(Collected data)

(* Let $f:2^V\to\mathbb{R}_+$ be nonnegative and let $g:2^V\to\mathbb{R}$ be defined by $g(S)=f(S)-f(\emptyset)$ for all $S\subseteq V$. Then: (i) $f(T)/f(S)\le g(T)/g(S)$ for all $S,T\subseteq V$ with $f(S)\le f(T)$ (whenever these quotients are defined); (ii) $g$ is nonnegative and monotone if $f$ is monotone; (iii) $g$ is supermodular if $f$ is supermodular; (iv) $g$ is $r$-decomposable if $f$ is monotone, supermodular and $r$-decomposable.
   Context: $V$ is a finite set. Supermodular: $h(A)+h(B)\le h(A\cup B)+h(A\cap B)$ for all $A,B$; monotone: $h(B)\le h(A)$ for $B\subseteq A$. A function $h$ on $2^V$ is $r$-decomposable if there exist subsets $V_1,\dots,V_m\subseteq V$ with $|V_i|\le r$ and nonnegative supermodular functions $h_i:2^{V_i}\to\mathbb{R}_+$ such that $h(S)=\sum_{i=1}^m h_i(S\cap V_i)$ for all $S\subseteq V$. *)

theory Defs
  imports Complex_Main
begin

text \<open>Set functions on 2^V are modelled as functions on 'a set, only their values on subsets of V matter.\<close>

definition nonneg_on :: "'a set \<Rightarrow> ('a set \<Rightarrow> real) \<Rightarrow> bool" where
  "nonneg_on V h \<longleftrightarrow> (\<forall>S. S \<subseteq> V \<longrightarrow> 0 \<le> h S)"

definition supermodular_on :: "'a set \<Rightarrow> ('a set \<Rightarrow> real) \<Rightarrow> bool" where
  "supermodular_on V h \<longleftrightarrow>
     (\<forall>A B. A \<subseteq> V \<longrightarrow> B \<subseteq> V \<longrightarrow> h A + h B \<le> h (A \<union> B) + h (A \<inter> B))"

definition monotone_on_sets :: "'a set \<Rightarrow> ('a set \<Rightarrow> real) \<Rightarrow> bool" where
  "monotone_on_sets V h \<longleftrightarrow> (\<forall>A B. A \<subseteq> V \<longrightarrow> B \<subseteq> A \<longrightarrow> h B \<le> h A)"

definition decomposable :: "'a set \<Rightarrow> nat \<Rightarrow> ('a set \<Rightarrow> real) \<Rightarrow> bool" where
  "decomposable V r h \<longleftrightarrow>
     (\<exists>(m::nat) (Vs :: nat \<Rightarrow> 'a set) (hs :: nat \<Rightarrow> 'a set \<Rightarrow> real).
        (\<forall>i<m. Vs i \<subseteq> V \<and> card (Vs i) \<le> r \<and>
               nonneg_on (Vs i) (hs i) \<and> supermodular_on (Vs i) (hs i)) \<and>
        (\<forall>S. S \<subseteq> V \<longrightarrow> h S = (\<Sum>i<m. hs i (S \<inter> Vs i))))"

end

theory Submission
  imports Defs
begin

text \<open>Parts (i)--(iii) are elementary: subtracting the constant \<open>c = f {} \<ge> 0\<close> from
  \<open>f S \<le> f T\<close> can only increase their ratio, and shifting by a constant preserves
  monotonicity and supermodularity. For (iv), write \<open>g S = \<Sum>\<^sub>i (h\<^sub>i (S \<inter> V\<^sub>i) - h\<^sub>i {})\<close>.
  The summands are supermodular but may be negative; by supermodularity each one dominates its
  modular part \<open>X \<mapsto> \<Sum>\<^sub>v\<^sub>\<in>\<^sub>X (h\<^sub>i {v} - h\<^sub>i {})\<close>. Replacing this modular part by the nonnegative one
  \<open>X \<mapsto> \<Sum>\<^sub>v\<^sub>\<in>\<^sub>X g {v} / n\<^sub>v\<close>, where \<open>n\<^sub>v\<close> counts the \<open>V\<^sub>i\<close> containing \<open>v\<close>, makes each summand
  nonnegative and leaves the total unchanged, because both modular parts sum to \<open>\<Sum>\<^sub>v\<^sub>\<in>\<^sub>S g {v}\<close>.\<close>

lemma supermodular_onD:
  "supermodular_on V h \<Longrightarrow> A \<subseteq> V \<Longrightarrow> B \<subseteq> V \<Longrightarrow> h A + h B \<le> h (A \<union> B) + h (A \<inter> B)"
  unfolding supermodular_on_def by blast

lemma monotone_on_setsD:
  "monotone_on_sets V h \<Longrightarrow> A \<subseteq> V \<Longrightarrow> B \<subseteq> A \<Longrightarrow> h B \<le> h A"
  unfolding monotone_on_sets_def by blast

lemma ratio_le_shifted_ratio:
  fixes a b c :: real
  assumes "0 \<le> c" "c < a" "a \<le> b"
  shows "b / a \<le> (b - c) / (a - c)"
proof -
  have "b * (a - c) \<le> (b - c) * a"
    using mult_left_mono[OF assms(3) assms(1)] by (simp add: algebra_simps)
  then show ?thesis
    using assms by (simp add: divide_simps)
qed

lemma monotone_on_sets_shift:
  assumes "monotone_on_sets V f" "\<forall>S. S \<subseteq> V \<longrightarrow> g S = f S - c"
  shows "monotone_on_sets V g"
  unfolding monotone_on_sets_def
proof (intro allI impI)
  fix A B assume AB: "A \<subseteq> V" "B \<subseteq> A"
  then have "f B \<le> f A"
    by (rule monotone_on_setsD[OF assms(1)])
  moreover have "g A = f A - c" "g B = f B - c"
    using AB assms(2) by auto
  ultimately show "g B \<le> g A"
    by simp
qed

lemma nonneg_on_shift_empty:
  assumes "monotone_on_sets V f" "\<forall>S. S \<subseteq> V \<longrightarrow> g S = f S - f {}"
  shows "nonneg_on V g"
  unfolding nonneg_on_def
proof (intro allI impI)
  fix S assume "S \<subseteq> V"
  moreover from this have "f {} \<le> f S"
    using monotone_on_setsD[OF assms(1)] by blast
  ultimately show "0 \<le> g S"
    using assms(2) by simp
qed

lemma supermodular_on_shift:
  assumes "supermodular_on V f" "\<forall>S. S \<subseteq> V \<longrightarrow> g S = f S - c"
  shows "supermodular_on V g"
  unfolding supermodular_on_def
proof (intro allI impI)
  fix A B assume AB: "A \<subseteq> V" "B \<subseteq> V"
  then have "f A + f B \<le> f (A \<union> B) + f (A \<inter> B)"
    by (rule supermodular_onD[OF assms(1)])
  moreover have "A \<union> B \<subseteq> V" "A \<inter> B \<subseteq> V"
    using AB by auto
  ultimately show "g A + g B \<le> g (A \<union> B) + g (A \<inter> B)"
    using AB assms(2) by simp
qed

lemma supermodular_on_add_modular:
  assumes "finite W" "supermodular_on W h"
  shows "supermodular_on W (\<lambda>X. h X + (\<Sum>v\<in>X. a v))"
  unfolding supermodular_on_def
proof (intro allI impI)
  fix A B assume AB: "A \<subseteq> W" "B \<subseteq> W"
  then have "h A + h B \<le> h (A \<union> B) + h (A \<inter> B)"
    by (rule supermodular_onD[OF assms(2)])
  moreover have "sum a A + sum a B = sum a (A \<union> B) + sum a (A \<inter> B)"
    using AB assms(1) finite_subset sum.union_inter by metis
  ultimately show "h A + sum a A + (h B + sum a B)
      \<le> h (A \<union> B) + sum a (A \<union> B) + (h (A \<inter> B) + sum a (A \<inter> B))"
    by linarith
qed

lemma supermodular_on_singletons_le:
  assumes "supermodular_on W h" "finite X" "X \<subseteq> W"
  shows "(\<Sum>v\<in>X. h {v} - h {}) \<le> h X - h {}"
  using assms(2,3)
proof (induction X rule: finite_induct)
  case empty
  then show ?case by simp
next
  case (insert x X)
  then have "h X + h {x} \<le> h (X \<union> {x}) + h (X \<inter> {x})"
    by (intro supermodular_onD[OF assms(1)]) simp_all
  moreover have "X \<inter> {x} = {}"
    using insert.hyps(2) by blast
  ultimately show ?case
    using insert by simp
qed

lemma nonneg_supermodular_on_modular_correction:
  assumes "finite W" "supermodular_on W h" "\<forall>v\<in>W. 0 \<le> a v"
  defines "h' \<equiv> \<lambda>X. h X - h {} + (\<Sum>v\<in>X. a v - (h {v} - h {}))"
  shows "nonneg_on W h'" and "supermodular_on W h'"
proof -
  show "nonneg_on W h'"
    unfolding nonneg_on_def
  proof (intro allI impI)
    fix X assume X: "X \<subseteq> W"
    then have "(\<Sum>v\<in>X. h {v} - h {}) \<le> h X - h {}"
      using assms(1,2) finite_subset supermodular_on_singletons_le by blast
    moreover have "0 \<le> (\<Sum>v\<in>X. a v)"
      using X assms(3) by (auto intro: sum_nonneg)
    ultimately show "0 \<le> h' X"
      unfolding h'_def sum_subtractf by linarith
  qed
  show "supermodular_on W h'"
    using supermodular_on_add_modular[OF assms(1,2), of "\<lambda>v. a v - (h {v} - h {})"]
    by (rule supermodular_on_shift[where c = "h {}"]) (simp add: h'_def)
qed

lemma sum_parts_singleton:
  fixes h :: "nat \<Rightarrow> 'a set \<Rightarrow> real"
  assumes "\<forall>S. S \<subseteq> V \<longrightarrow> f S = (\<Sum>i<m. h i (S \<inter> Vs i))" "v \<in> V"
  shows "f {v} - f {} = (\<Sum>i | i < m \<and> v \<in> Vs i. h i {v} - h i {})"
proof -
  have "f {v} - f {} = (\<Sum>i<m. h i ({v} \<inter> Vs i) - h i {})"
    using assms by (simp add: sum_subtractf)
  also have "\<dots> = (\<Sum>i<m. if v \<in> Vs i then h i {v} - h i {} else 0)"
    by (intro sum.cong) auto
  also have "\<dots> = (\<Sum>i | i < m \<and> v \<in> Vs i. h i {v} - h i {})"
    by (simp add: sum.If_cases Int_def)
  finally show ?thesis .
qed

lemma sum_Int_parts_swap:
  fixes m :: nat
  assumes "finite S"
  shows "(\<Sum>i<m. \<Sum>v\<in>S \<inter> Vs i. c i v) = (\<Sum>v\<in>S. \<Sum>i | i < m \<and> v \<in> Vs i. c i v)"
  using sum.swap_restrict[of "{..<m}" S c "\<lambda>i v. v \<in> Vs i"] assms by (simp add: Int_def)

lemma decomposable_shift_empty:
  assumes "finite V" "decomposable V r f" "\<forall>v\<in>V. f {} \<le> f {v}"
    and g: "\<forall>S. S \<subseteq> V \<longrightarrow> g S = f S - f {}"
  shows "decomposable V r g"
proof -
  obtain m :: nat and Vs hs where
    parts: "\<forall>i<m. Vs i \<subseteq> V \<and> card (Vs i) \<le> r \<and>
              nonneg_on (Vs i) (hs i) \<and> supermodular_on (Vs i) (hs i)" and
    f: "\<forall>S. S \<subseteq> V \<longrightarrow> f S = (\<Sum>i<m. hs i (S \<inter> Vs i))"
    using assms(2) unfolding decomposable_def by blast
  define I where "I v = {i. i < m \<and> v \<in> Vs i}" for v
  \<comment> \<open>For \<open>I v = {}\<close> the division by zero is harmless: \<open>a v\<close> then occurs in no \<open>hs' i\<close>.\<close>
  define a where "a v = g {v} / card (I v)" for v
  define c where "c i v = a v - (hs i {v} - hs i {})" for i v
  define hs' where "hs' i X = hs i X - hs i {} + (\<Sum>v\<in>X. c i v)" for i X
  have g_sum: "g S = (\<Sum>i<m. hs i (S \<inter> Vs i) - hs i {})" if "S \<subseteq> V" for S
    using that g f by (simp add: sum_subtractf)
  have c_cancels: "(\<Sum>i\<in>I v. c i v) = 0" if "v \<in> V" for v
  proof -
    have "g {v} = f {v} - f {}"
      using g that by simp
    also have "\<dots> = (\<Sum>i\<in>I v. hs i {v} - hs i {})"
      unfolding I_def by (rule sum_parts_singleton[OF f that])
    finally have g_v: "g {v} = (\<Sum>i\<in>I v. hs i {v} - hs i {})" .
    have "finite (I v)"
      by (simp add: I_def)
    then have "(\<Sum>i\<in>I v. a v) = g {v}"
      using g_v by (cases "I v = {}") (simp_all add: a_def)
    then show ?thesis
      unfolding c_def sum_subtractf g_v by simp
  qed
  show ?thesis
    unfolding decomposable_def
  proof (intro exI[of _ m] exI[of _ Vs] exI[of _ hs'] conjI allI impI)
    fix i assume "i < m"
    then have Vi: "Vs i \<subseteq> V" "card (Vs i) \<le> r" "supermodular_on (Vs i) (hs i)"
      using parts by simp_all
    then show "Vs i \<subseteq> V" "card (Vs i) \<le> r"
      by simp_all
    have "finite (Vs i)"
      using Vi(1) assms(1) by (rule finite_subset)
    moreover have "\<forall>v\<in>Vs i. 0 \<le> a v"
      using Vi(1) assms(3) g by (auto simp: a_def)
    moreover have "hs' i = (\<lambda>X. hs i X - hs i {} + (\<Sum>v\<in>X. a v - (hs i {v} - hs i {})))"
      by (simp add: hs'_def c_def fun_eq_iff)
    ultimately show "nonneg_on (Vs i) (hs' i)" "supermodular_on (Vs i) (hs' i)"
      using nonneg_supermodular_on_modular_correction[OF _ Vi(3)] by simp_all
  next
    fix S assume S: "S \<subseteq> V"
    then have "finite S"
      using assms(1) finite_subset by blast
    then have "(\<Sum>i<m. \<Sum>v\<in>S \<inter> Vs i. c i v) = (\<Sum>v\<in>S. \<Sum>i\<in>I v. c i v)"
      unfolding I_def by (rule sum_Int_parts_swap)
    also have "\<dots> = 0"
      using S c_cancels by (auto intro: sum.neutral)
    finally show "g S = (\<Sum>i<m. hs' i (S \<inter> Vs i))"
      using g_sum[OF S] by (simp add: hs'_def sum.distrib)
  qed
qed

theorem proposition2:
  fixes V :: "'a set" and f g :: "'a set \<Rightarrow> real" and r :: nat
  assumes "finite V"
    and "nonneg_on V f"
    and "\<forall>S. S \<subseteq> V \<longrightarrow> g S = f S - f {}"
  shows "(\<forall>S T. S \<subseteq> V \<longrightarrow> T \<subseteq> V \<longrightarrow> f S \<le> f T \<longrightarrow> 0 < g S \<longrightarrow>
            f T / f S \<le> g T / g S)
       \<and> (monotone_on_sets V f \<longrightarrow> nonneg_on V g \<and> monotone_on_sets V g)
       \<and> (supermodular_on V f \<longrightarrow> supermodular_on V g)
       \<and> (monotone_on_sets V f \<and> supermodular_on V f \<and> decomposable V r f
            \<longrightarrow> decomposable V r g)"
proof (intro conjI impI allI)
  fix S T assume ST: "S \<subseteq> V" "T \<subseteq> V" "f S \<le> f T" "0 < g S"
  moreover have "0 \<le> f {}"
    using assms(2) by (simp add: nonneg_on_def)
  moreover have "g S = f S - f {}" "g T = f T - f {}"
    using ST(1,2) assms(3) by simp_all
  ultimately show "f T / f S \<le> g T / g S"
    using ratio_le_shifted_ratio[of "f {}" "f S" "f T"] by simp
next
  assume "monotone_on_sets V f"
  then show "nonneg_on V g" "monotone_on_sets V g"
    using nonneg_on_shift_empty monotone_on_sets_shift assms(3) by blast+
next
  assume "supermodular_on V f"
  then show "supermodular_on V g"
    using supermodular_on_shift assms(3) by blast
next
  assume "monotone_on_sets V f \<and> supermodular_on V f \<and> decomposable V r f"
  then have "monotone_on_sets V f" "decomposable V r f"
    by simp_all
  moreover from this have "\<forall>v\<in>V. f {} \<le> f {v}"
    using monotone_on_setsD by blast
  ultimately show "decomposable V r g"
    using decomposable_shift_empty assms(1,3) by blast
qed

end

---

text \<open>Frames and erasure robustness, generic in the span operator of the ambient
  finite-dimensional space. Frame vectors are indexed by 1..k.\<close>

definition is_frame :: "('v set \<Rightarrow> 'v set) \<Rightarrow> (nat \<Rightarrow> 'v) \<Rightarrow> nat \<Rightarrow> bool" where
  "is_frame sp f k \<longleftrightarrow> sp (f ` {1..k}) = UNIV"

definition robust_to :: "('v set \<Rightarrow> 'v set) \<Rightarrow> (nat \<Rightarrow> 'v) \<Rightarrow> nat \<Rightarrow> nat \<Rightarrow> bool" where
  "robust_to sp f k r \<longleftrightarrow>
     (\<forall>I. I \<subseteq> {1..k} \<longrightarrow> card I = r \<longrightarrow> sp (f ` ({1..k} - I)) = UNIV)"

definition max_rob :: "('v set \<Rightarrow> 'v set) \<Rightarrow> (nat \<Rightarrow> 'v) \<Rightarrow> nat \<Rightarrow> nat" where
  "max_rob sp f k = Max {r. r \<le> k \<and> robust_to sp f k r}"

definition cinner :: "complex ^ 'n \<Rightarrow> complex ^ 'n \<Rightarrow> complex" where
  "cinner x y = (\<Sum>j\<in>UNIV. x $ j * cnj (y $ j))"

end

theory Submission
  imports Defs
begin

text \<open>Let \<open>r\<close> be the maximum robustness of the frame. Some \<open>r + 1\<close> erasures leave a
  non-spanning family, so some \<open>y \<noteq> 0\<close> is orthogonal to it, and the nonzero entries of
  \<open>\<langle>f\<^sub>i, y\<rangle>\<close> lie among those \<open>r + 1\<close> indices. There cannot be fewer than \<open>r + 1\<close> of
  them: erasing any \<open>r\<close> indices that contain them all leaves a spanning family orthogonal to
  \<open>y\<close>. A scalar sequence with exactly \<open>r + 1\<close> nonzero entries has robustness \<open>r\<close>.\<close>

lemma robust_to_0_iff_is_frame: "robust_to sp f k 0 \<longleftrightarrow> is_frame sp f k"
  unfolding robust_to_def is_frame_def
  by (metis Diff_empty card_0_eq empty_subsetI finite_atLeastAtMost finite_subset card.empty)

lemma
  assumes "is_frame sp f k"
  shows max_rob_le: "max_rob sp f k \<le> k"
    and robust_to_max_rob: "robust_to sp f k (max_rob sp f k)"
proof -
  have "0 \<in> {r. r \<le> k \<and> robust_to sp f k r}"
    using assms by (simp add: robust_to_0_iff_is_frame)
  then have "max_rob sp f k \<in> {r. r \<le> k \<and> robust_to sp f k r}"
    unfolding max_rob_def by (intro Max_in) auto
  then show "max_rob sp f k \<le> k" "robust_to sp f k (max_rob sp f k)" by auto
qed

Work task: From the records above, reproduce exactly the lines from the one with "text \<open>Parts (i)--(iii)" to the one with "The summands are", both included, and no others.

Result of the task:
text \<open>Parts (i)--(iii) are elementary: subtracting the constant \<open>c = f {} \<ge> 0\<close> from
  \<open>f S \<le> f T\<close> can only increase their ratio, and shifting by a constant preserves
  monotonicity and supermodularity. For (iv), write \<open>g S = \<Sum>\<^sub>i (h\<^sub>i (S \<inter> V\<^sub>i) - h\<^sub>i {})\<close>.
  The summands are supermodular but may be negative; by supermodularity each one dominates its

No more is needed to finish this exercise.